В первом варианте повести, увидевшей свет в составе «Арабесок», упоминалось ещё и безумие, но впоследствии автор предпочёл разделить эти понятия — смерть и безумие. В «Записках сумасшедшего» герой остаётся жить, а в «Портрете» он умирает, но не сходит с ума, и это принципиально важно. Будто предугадывая в каком-то сверхъестественном прозрении перипетии собственного ухода из жизни, Гоголь предупреждает, что, какой бы странной не казалась смерть, каким бы противоречащим здравому смыслу не выглядело поведение художника в его последние часы и дни, нельзя объяснять это помутнением рассудка.

Гоголя не услышали. Нашлось немало охотников объяснять его собственное состояние перед смертью, как, впрочем, и самую смерть, именно помутнением рассудка... Либо родом летаргии, в которую, по свидетельству современников, нередко впадал Гоголь, подчас даже на публике, во время какого-нибудь приёма, устроенного чуть ли не в честь него, что отнюдь не мешало ему весь вечер провести, забившись в угол и ни разу не открыв рта.

Это состояние, почти летаргическое, близкое к летаргическому, его всерьёз беспокоило: вдруг оно усугубится настолько, что его примут за мёртвого и похоронят? Такие случаи бывали в Европе, Гоголь читал о них и, человек крайне мнительный, находил у себя соответствующие симптомы. Поэтому первым пунктом его завещания, написанного за границей летом 1845 года, значилось следующее распоряжение: “Завещаю тела моего не погребать до тех пор, пока не покажутся явные признаки разложения”. И добавил: “Упоминаю об этом потому, что уже во время самой болезни находили на меня минуты жизненного онемения, сердце и пульс переставали биться...”

На те же симптомы жалуется он в письмах к друзьям. “Я худею теперь и истаиваю не по дням, а по часам; руки мои уже не согреваются вовсе и находятся в водянисто-опухлом состоянии”. Так писал он из Германии поэту Николаю Языкову, которого, между прочим, ставил очень высоко, чуть ли не наравне с покойным Пушкиным, что не помешало ему, когда Языков скоропостижно умер, обронить: эта смерть “не повергнула меня в печаль, но в какое-то тихое упование”. Кажется, теперь уже никакая смерть не могла повергнуть его в печаль: как может повергнуть в печаль то, на что уповаешь?

Но вернёмся к письму, отправленному из Германии Языкову. Датировано оно 5 июня 1845 года и начинается с пророчества, которое, увы, пусть и несколькими годами позже, но сбылось: “Век мой не мог ни в каком случае быть долгим.

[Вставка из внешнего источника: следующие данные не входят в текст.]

(* There exists an anonymous hedonic game with $n=7$ agents having strict and generally single-peaked preferences such that there is an infinite sequence of IS deviations starting from the singleton partition, and there is also an infinite sequence of IS deviations starting from the grand coalition $\{N\}$.
   Context: A hedonic game on agent set $N=[n]$ assigns to each agent $i$ a weak order $\succsim_i$ over coalitions containing $i$. In an anonymous hedonic game (AHG), each agent $i$ has a weak order $\succsim_i^S$ over sizes $\{1,\dots,n\}$ and coalitions are compared only via their sizes. Preferences are strict if these orders are linear. An AHG is generally single-peaked if there is a linear order $>$ on $[n]$ such that for every agent $i$ and all $x,y,z$ with $x>y>z$ or $z>y>x$, $x\succ_i^S y$ implies $y\succsim_i^S z$. The singleton partition is $\{\{i\}:i\in N\}$. An IS deviation of agent $i$ from partition $\pi$ to $\pi'$ is a move of $i$ alone from $\pi(i)$ into another coalition of $\pi$ or into a new singleton such that $\pi'(i)\succ_i\pi(i)$ and $\pi'(j)\succsim_j\pi(j)$ for every $j\in\pi'(i)\setminus\{i\}$. *)

theory Defs
  imports Main "HOL-Library.Disjoint_Sets"
begin

text \<open>An anonymous hedonic game is given by, for each agent i,
  a relation R i on sizes {1..n}; (x, y) \<in> R i means that agent i weakly prefers
  coalitions of size x to coalitions of size y.\<close>

definition agents :: "nat \<Rightarrow> nat set" where
  "agents n = {1..n}"

definition strict_AHG :: "nat \<Rightarrow> (nat \<Rightarrow> (nat \<times> nat) set) \<Rightarrow> bool" where
  "strict_AHG n R \<longleftrightarrow> (\<forall>i\<in>agents n. linear_order_on {1..n} (R i))"

definition size_weak :: "(nat \<Rightarrow> (nat \<times> nat) set) \<Rightarrow> nat \<Rightarrow> nat \<Rightarrow> nat \<Rightarrow> bool" where
  "size_weak R i x y \<longleftrightarrow> (x, y) \<in> R i"

definition size_strict :: "(nat \<Rightarrow> (nat \<times> nat) set) \<Rightarrow> nat \<Rightarrow> nat \<Rightarrow> nat \<Rightarrow> bool" where
  "size_strict R i x y \<longleftrightarrow> (x, y) \<in> R i \<and> (y, x) \<notin> R i"

text \<open>Generally single-peaked: there is a linear order L on {1..n} (where (a,b) \<in> L reads
  a \<le>_L b) such that whenever y lies strictly between x and z in L, x \<succ>_i y implies
  y \<succeq>_i z.\<close>
definition gen_single_peaked :: "nat \<Rightarrow> (nat \<Rightarrow> (nat \<times> nat) set) \<Rightarrow> bool" where
  "gen_single_peaked n R \<longleftrightarrow>
     (\<exists>L. linear_order_on {1..n} L \<and>
        (\<forall>i\<in>agents n. \<forall>x\<in>{1..n}. \<forall>y\<in>{1..n}. \<forall>z\<in>{1..n}.
           (((y, x) \<in> L \<and> y \<noteq> x \<and> (z, y) \<in> L \<and> z \<noteq> y) \<or>
            ((x, y) \<in> L \<and> x \<noteq> y \<and> (y, z) \<in> L \<and> y \<noteq> z)) \<longrightarrow>
           size_strict R i x y \<longrightarrow> size_weak R i y z))"

definition coalition_of :: "nat set set \<Rightarrow> nat \<Rightarrow> nat set" where
  "coalition_of \<pi> i = (THE S. S \<in> \<pi> \<and> i \<in> S)"

definition coal_weak :: "(nat \<Rightarrow> (nat \<times> nat) set) \<Rightarrow> nat \<Rightarrow> nat set \<Rightarrow> nat set \<Rightarrow> bool" where
  "coal_weak R i S T \<longleftrightarrow> size_weak R i (card S) (card T)"

definition coal_strict :: "(nat \<Rightarrow> (nat \<times> nat) set) \<Rightarrow> nat \<Rightarrow> nat set \<Rightarrow> nat set \<Rightarrow> bool" where
  "coal_strict R i S T \<longleftrightarrow> size_strict R i (card S) (card T)"

text \<open>IS deviation from partition \<pi> to \<pi>': some agent i leaves its coalition and joins
  another coalition T of \<pi> or a new singleton (T = {}); i strictly improves and every
  member of T weakly improves.\<close>
definition IS_deviation :: "nat \<Rightarrow> (nat \<Rightarrow> (nat \<times> nat) set) \<Rightarrow> nat set set \<Rightarrow> nat set set \<Rightarrow> bool" where
  "IS_deviation n R \<pi> \<pi>' \<longleftrightarrow>
     partition_on (agents n) \<pi> \<and>
     (\<exists>i\<in>agents n. \<exists>T\<in>insert {} \<pi>. i \<notin> T \<and>
        \<pi>' = ((\<pi> - {coalition_of \<pi> i, T}) \<union> {coalition_of \<pi> i - {i}, insert i T}) - {{}} \<and>
        coal_strict R i (insert i T) (coalition_of \<pi> i) \<and>
        (\<forall>j\<in>T. coal_weak R j (insert i T) T))"

definition singleton_partition :: "nat \<Rightarrow> nat set set" where
  "singleton_partition n = (\<lambda>i. {i}) ` agents n"

definition grand_coalition :: "nat \<Rightarrow> nat set set" where
  "grand_coalition n = {agents n}"

end

theory Submission
  imports Defs
begin

text \<open>The six partitions
  12345|67, 167|2345, 167|2|345, 12|345|67, 1|267|345, 1345|267
  form a cycle of IS deviations in the game below. It is reached from the singleton partition
  by agents 7, 3, 4, 1, 2 joining coalitions one after another, and from the grand coalition by
  agent 6 leaving and agent 7 following it. A finite run ending in a cycle unrolls to an infinite
  one. Single-peakedness is with respect to the axis 1, 2, 3, 5, 4, 6, 7; it only has to be
  checked on triples of sizes in axis order.\<close>

definition has_infinite_run :: "('a \<Rightarrow> 'a \<Rightarrow> bool) \<Rightarrow> 'a \<Rightarrow> bool" where
  "has_infinite_run P x \<longleftrightarrow> (\<exists>seq. seq 0 = x \<and> (\<forall>k. P (seq k) (seq (Suc k))))"

lemma has_infinite_run_step:
  assumes "P x y" "has_infinite_run P y"
  shows "has_infinite_run P x"
proof -
  obtain seq where "seq 0 = y" "\<forall>k. P (seq k) (seq (Suc k))"
    using assms(2) unfolding has_infinite_run_def by blast
  then have "\<forall>k. P (case_nat x seq k) (case_nat x seq (Suc k))"
    using assms(1) by (auto split: nat.split)
  then show ?thesis
    unfolding has_infinite_run_def by (intro exI[of _ "case_nat x seq"]) simp
qed

lemma has_infinite_run_path:
  "successively P xs \<Longrightarrow> xs \<noteq> [] \<Longrightarrow> has_infinite_run P (last xs) \<Longrightarrow>
    has_infinite_run P (hd xs)"
  by (induction P xs rule: successively.induct) (auto intro: has_infinite_run_step)

lemma has_infinite_run_cycle:
  assumes path: "successively P xs" and "2 \<le> length xs" and closed: "last xs = hd xs"
  shows "has_infinite_run P (hd xs)"
proof -
  define l where "l = length xs - 1"
  have "0 < l" "length xs = Suc l"
    using \<open>2 \<le> length xs\<close> by (simp_all add: l_def)
  have wrap: "xs ! Suc (k mod l) = xs ! (Suc k mod l)" for k
  proof (cases "Suc (k mod l) = l")
    case True
    then have "Suc k mod l = 0" by (simp add: mod_Suc)
    with True closed \<open>length xs = Suc l\<close> show ?thesis
      by (metis diff_Suc_1 hd_conv_nth last_conv_nth list.size(3) nat.distinct(1))
  qed (simp add: mod_Suc)
  have "P (xs ! (k mod l)) (xs ! (Suc k mod l))" for k
    using successively_nth[OF path, of "k mod l"] wrap[of k] \<open>0 < l\<close> \<open>length xs = Suc l\<close>
    by simp
  moreover have "xs ! (0 mod l) = hd xs"
    using \<open>length xs = Suc l\<close> by (cases xs) simp_all
  ultimately show ?thesis
    unfolding has_infinite_run_def by (intro exI[of _ "\<lambda>k. xs ! (k mod l)"]) simp
qed

definition rank :: "'a list \<Rightarrow> 'a \<Rightarrow> nat" where
  "rank xs x = length (takeWhile (\<lambda>y. y \<noteq> x) xs)"

lemma nth_rank: "x \<in> set xs \<Longrightarrow> xs ! rank xs x = x"
  by (induction xs) (auto simp: rank_def)

lemma rank_less_length: "x \<in> set xs \<Longrightarrow> rank xs x < length xs"
  by (induction xs) (auto simp: rank_def)

definition list_order :: "'a list \<Rightarrow> ('a \<times> 'a) set" where
  "list_order xs = {(x, y). x \<in> set xs \<and> y \<in> set xs \<and> rank xs x \<le> rank xs y}"

lemma mem_list_order_iff:
  "(x, y) \<in> list_order xs \<longleftrightarrow> x \<in> set xs \<and> y \<in> set xs \<and> rank xs x \<le> rank xs y"
  by (simp add: list_order_def)

lemma linear_order_on_list_order: "linear_order_on (set xs) (list_order xs)"
proof -
  have "inj_on (rank xs) (set xs)"
    by (metis inj_onI nth_rank)
  then show ?thesis
    unfolding list_order_def linear_order_on_def partial_order_on_def preorder_on_def
      refl_on_def trans_def antisym_def total_on_def inj_on_def
    by auto
qed

lemma gen_single_peakedI:
  assumes axis: "set ax = {1..n}" "distinct ax"
    and no_valley: "\<And>a b c i. a < b \<Longrightarrow> b < c \<Longrightarrow> c < length ax \<Longrightarrow> i \<in> agents n \<Longrightarrow>
      (size_strict R i (ax ! a) (ax ! b) \<longrightarrow> size_weak R i (ax ! b) (ax ! c)) \<and>
      (size_strict R i (ax ! c) (ax ! b) \<longrightarrow> size_weak R i (ax ! b) (ax ! a))"
  shows "gen_single_peaked n R"
  unfolding gen_single_peaked_def
proof (intro exI conjI ballI impI)
  show "linear_order_on {1..n} (list_order ax)"
    using linear_order_on_list_order axis by metis
  have before_iff: "(x, y) \<in> list_order ax \<and> x \<noteq> y \<longleftrightarrow> rank ax x < rank ax y"
    if "x \<in> set ax" "y \<in> set ax" for x y
    using that nth_rank[of x ax] nth_rank[of y ax] by (auto simp: mem_list_order_iff order_less_le)
  fix i x y z
  assume i: "i \<in> agents n" and "x \<in> {1..n}" "y \<in> {1..n}" "z \<in> {1..n}"
    and between: "(y, x) \<in> list_order ax \<and> y \<noteq> x \<and> (z, y) \<in> list_order ax \<and> z \<noteq> y \<or>
      (x, y) \<in> list_order ax \<and> x \<noteq> y \<and> (y, z) \<in> list_order ax \<and> y \<noteq> z"
    and strict: "size_strict R i x y"
  then have "x \<in> set ax" "y \<in> set ax" "z \<in> set ax"
    using axis(1) by simp_all
  then have at_rank: "ax ! rank ax x = x" "ax ! rank ax y = y" "ax ! rank ax z = z"
    and "rank ax x < length ax" "rank ax z < length ax"
    by (simp_all add: nth_rank rank_less_length)
  from between consider "rank ax z < rank ax y" "rank ax y < rank ax x"
    | "rank ax x < rank ax y" "rank ax y < rank ax z"
    using before_iff \<open>x \<in> set ax\<close> \<open>y \<in> set ax\<close> \<open>z \<in> set ax\<close> by blast
  then show "size_weak R i y z"
  proof cases
    case 1
    then show ?thesis
      using no_valley[of "rank ax z" "rank ax y" "rank ax x" i] i strict at_rank
        \<open>rank ax x < length ax\<close> by simp
  next
    case 2
    then show ?thesis
      using no_valley[of "rank ax x" "rank ax y" "rank ax z" i] i strict at_rank
        \<open>rank ax z < length ax\<close> by simp
  qed
qed

lemma coalition_of_eq:
  assumes "partition_on A \<pi>" "S \<in> \<pi>" "i \<in> S"
  shows "coalition_of \<pi> i = S"
  unfolding coalition_of_def
proof (rule the_equality)
  fix S' assume "S' \<in> \<pi> \<and> i \<in> S'"
  then show "S' = S"
    using assms disjointD[OF partition_onD2[OF assms(1)]] by blast
qed (use assms in blast)

lemma bex_coalition_of_iff:
  assumes "partition_on A \<pi>"
  shows "(\<exists>i\<in>A. P i (coalition_of \<pi> i)) \<longleftrightarrow> (\<exists>S\<in>\<pi>. \<exists>i\<in>S. P i S)"
proof
  assume "\<exists>i\<in>A. P i (coalition_of \<pi> i)"
  then obtain i where "i \<in> A" "P i (coalition_of \<pi> i)" by blast
  moreover obtain S where "S \<in> \<pi>" "i \<in> S"
    using \<open>i \<in> A\<close> partition_onD1[OF assms] by blast
  ultimately show "\<exists>S\<in>\<pi>. \<exists>i\<in>S. P i S"
    using coalition_of_eq[OF assms] by auto
next
  assume "\<exists>S\<in>\<pi>. \<exists>i\<in>S. P i S"
  then show "\<exists>i\<in>A. P i (coalition_of \<pi> i)"
    using coalition_of_eq[OF assms] partition_onD1[OF assms] by blast
qed

lemma IS_deviation_iff:
  "IS_deviation n R \<pi> \<pi>' \<longleftrightarrow> partition_on (agents n) \<pi> \<and>
     (\<exists>S\<in>\<pi>. \<exists>i\<in>S. \<exists>T\<in>insert {} \<pi>. i \<notin> T \<and>
        \<pi>' = ((\<pi> - {S, T}) \<union> {S - {i}, insert i T}) - {{}} \<and>
        coal_strict R i (insert i T) S \<and> (\<forall>j\<in>T. coal_weak R j (insert i T) T))"
  unfolding IS_deviation_def
  by (rule conj_cong[OF refl], erule bex_coalition_of_iff)

text \<open>Agent i ranks the coalition sizes in the order of the list profile ! (i - 1),
  most preferred first.\<close>

definition profile :: "nat list list" where
  "profile = [[2, 3, 5, 4, 6, 7, 1], [5, 3, 2, 1, 4, 6, 7], [5, 4, 6, 3, 2, 7, 1],
    [5, 4, 3, 6, 2, 1, 7], [5, 4, 6, 3, 7, 2, 1], [3, 2, 5, 4, 1, 6, 7], [5, 3, 4, 2, 1, 6, 7]]"

definition game :: "nat \<Rightarrow> (nat \<times> nat) set" where
  "game i = list_order (profile ! (i - 1))"

definition axis :: "nat list" where
  "axis = [1, 2, 3, 5, 4, 6, 7]"

lemma strict_AHG_game: "strict_AHG 7 game"
proof -
  have "\<forall>i\<in>agents 7. set (profile ! (i - 1)) = {1..7}"
    unfolding agents_def profile_def by code_simp
  then show ?thesis
    unfolding strict_AHG_def game_def by (metis linear_order_on_list_order)
qed

lemma gen_single_peaked_game: "gen_single_peaked 7 game"
proof (rule gen_single_peakedI)
  show "set axis = {1..7}" "distinct axis"
    unfolding axis_def by code_simp+
  have "\<forall>c\<in>set [0..<7]. \<forall>b\<in>set [0..<c]. \<forall>a\<in>set [0..<b]. \<forall>i\<in>agents 7.
    (size_strict game i (axis ! a) (axis ! b) \<longrightarrow> size_weak game i (axis ! b) (axis ! c)) \<and>
    (size_strict game i (axis ! c) (axis ! b) \<longrightarrow> size_weak game i (axis ! b) (axis ! a))"
    unfolding size_strict_def size_weak_def game_def mem_list_order_iff agents_def
    by code_simp
  moreover have "length axis = 7"
    by (simp add: axis_def)
  ultimately show
    "(size_strict game i (axis ! a) (axis ! b) \<longrightarrow> size_weak game i (axis ! b) (axis ! c)) \<and>
     (size_strict game i (axis ! c) (axis ! b) \<longrightarrow> size_weak game i (axis ! b) (axis ! a))"
    if "a < b" "b < c" "c < length axis" "i \<in> agents 7" for a b c i
    using that by simp
qed

lemma IS_cycle:
  "successively (IS_deviation 7 game)
    [{{1,2,3,4,5}, {6,7}}, {{1,6,7}, {2,3,4,5}}, {{1,6,7}, {2}, {3,4,5}},
     {{1,2}, {3,4,5}, {6,7}}, {{1}, {2,6,7}, {3,4,5}}, {{1,3,4,5}, {2,6,7}},
     {{1,2,3,4,5}, {6,7}}]"
  unfolding IS_deviation_iff coal_strict_def coal_weak_def size_strict_def size_weak_def
    game_def mem_list_order_iff profile_def
  by code_simp

lemma IS_path_from_singletons:
  "successively (IS_deviation 7 game)
    [singleton_partition 7, {{1}, {2}, {3}, {4}, {5}, {6,7}}, {{1}, {2}, {3,5}, {4}, {6,7}},
     {{1}, {2}, {3,4,5}, {6,7}}, {{1,3,4,5}, {2}, {6,7}}, {{1,2,3,4,5}, {6,7}}]"
  unfolding IS_deviation_iff coal_strict_def coal_weak_def size_strict_def size_weak_def
    game_def mem_list_order_iff profile_def singleton_partition_def agents_def
  by code_simp

lemma IS_path_from_grand_coalition:
  "successively (IS_deviation 7 game)
    [grand_coalition 7, {{1,2,3,4,5,7}, {6}}, {{1,2,3,4,5}, {6,7}}]"
  unfolding IS_deviation_iff coal_strict_def coal_weak_def size_strict_def size_weak_def
    game_def mem_list_order_iff profile_def grand_coalition_def agents_def
  by code_simp

theorem proposition3p2:
  shows "\<exists>R. strict_AHG 7 R \<and> gen_single_peaked 7 R \<and>
    (\<exists>seq :: nat \<Rightarrow> nat set set. seq 0 = singleton_partition 7 \<and>
        (\<forall>k. IS_deviation 7 R (seq k) (seq (Suc k)))) \<and>
    (\<exists>seq :: nat \<Rightarrow> nat set set. seq 0 = grand_coalition 7 \<and>
        (\<forall>k. IS_deviation 7 R (seq k) (seq (Suc k))))"
proof -
  have cycle: "has_infinite_run (IS_deviation 7 game) {{1,2,3,4,5}, {6,7}}"
    using has_infinite_run_cycle[OF IS_cycle] by simp
  have "has_infinite_run (IS_deviation 7 game) (singleton_partition 7)"
    using has_infinite_run_path[OF IS_path_from_singletons] cycle by simp
  moreover have "has_infinite_run (IS_deviation 7 game) (grand_coalition 7)"
    using has_infinite_run_path[OF IS_path_from_grand_coalition] cycle by simp
  ultimately show ?thesis
    using strict_AHG_game gen_single_peaked_game unfolding has_infinite_run_def by blast
qed

end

Отец мой также был сложения слабого и умер рано, угаснувши недостатком собственных сил своих, а не нападеньем какой-нибудь болезни”.

По-видимому, именно воспоминаниями о собственном отце навеяны строки о родителе Чичикова: “...больной человек, в длинном сюртуке на мерлушках и в вязаных хлопанцах, надетых на босую ногу, беспрестанно вздыхавший”.

Гимназисту Гоголю едва исполнилось шестнадцать лет, когда он потерял отца. “Я сей удар перенёс с твёрдостью истинного христианина, — писал он матери из Нежина. — Правда, сперва я был поражён ужасно сим известием, однако ж не дал никому заметить, что я был опечален. Оставшись же наедине, я предался всей силе безумного отчаяния. Хотел даже посягнуть на жизнь свою...” Собирался, по позднейшим свидетельствам матери, “броситься в окно с верхнего этажа”, но, теперь уже по словам самого Гоголя, “Бог удержал меня от сего”.

Примечательна лёгкость, с какой шестнадцатилетний подросток, втайне готовивший себя к великому будущему, готов был расстаться с жизнью. Эта готовность сохранилась в нём и впоследствии — по сути дела, до конца дней его. Так, Тургенев в одном из писем, написанных вскоре после смерти Гоголя, прямо утверждает, что “он умер потому, что решился, захотел умереть”. Тургенев, правда, не задаётся вопросом, почему захотел, лишь замечает, что “это тайна, тяжёлая, грозная тайна — надо стараться её разгадать, но, — предупреждает он, — ничего отрадного не найдёт в ней тот, кто её разгадает...”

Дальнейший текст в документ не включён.